Your objective:
Go through the material line by line and copy each one with the word "space".

Data to use:

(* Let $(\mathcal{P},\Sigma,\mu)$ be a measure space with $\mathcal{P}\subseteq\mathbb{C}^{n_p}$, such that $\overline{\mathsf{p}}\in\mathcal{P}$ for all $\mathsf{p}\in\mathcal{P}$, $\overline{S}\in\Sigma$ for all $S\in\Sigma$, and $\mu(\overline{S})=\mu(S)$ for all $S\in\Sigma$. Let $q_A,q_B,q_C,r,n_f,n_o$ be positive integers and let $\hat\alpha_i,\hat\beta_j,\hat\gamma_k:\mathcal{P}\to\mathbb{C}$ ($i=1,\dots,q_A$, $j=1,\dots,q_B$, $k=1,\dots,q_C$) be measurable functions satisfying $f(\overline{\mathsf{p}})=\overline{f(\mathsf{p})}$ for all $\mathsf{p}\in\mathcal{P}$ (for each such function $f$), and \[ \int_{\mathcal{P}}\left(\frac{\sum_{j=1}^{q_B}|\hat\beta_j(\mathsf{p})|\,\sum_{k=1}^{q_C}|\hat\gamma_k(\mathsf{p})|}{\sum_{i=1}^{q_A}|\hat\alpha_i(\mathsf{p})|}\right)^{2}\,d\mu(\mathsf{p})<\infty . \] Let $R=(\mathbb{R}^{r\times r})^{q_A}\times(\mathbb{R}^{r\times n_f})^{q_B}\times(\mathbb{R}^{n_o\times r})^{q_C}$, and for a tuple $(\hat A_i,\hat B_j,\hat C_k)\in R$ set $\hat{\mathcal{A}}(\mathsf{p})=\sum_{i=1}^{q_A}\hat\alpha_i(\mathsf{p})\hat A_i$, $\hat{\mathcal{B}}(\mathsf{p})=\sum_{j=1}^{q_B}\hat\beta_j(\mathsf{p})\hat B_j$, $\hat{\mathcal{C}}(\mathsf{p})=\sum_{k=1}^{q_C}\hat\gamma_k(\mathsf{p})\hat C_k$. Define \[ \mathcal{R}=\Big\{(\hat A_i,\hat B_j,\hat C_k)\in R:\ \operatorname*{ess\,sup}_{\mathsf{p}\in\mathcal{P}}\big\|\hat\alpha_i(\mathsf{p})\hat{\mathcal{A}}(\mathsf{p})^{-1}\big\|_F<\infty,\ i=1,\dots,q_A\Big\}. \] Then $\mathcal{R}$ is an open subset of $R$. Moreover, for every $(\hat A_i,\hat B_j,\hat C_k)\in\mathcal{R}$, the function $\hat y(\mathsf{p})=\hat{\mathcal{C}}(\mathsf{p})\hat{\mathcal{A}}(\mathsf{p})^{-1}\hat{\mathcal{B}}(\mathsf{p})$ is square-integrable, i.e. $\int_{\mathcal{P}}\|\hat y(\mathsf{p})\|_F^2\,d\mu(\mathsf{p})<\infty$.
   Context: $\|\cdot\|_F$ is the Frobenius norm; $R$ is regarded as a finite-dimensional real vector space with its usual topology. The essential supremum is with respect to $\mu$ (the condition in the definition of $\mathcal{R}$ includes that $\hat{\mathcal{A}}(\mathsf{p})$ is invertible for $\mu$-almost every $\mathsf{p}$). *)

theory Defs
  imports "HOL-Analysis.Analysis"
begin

Answer to the exercise:
(* Let $(\mathcal{P},\Sigma,\mu)$ be a measure space with $\mathcal{P}\subseteq\mathbb{C}^{n_p}$, such that $\overline{\mathsf{p}}\in\mathcal{P}$ for all $\mathsf{p}\in\mathcal{P}$, $\overline{S}\in\Sigma$ for all $S\in\Sigma$, and $\mu(\overline{S})=\mu(S)$ for all $S\in\Sigma$. Let $q_A,q_B,q_C,r,n_f,n_o$ be positive integers and let $\hat\alpha_i,\hat\beta_j,\hat\gamma_k:\mathcal{P}\to\mathbb{C}$ ($i=1,\dots,q_A$, $j=1,\dots,q_B$, $k=1,\dots,q_C$) be measurable functions satisfying $f(\overline{\mathsf{p}})=\overline{f(\mathsf{p})}$ for all $\mathsf{p}\in\mathcal{P}$ (for each such function $f$), and \[ \int_{\mathcal{P}}\left(\frac{\sum_{j=1}^{q_B}|\hat\beta_j(\mathsf{p})|\,\sum_{k=1}^{q_C}|\hat\gamma_k(\mathsf{p})|}{\sum_{i=1}^{q_A}|\hat\alpha_i(\mathsf{p})|}\right)^{2}\,d\mu(\mathsf{p})<\infty . \] Let $R=(\mathbb{R}^{r\times r})^{q_A}\times(\mathbb{R}^{r\times n_f})^{q_B}\times(\mathbb{R}^{n_o\times r})^{q_C}$, and for a tuple $(\hat A_i,\hat B_j,\hat C_k)\in R$ set $\hat{\mathcal{A}}(\mathsf{p})=\sum_{i=1}^{q_A}\hat\alpha_i(\mathsf{p})\hat A_i$, $\hat{\mathcal{B}}(\mathsf{p})=\sum_{j=1}^{q_B}\hat\beta_j(\mathsf{p})\hat B_j$, $\hat{\mathcal{C}}(\mathsf{p})=\sum_{k=1}^{q_C}\hat\gamma_k(\mathsf{p})\hat C_k$. Define \[ \mathcal{R}=\Big\{(\hat A_i,\hat B_j,\hat C_k)\in R:\ \operatorname*{ess\,sup}_{\mathsf{p}\in\mathcal{P}}\big\|\hat\alpha_i(\mathsf{p})\hat{\mathcal{A}}(\mathsf{p})^{-1}\big\|_F<\infty,\ i=1,\dots,q_A\Big\}. \] Then $\mathcal{R}$ is an open subset of $R$. Moreover, for every $(\hat A_i,\hat B_j,\hat C_k)\in\mathcal{R}$, the function $\hat y(\mathsf{p})=\hat{\mathcal{C}}(\mathsf{p})\hat{\mathcal{A}}(\mathsf{p})^{-1}\hat{\mathcal{B}}(\mathsf{p})$ is square-integrable, i.e. $\int_{\mathcal{P}}\|\hat y(\mathsf{p})\|_F^2\,d\mu(\mathsf{p})<\infty$.
   Context: $\|\cdot\|_F$ is the Frobenius norm; $R$ is regarded as a finite-dimensional real vector space with its usual topology. The essential supremum is with respect to $\mu$ (the condition in the definition of $\mathcal{R}$ includes that $\hat{\mathcal{A}}(\mathsf{p})$ is invertible for $\mu$-almost every $\mathsf{p}$). *)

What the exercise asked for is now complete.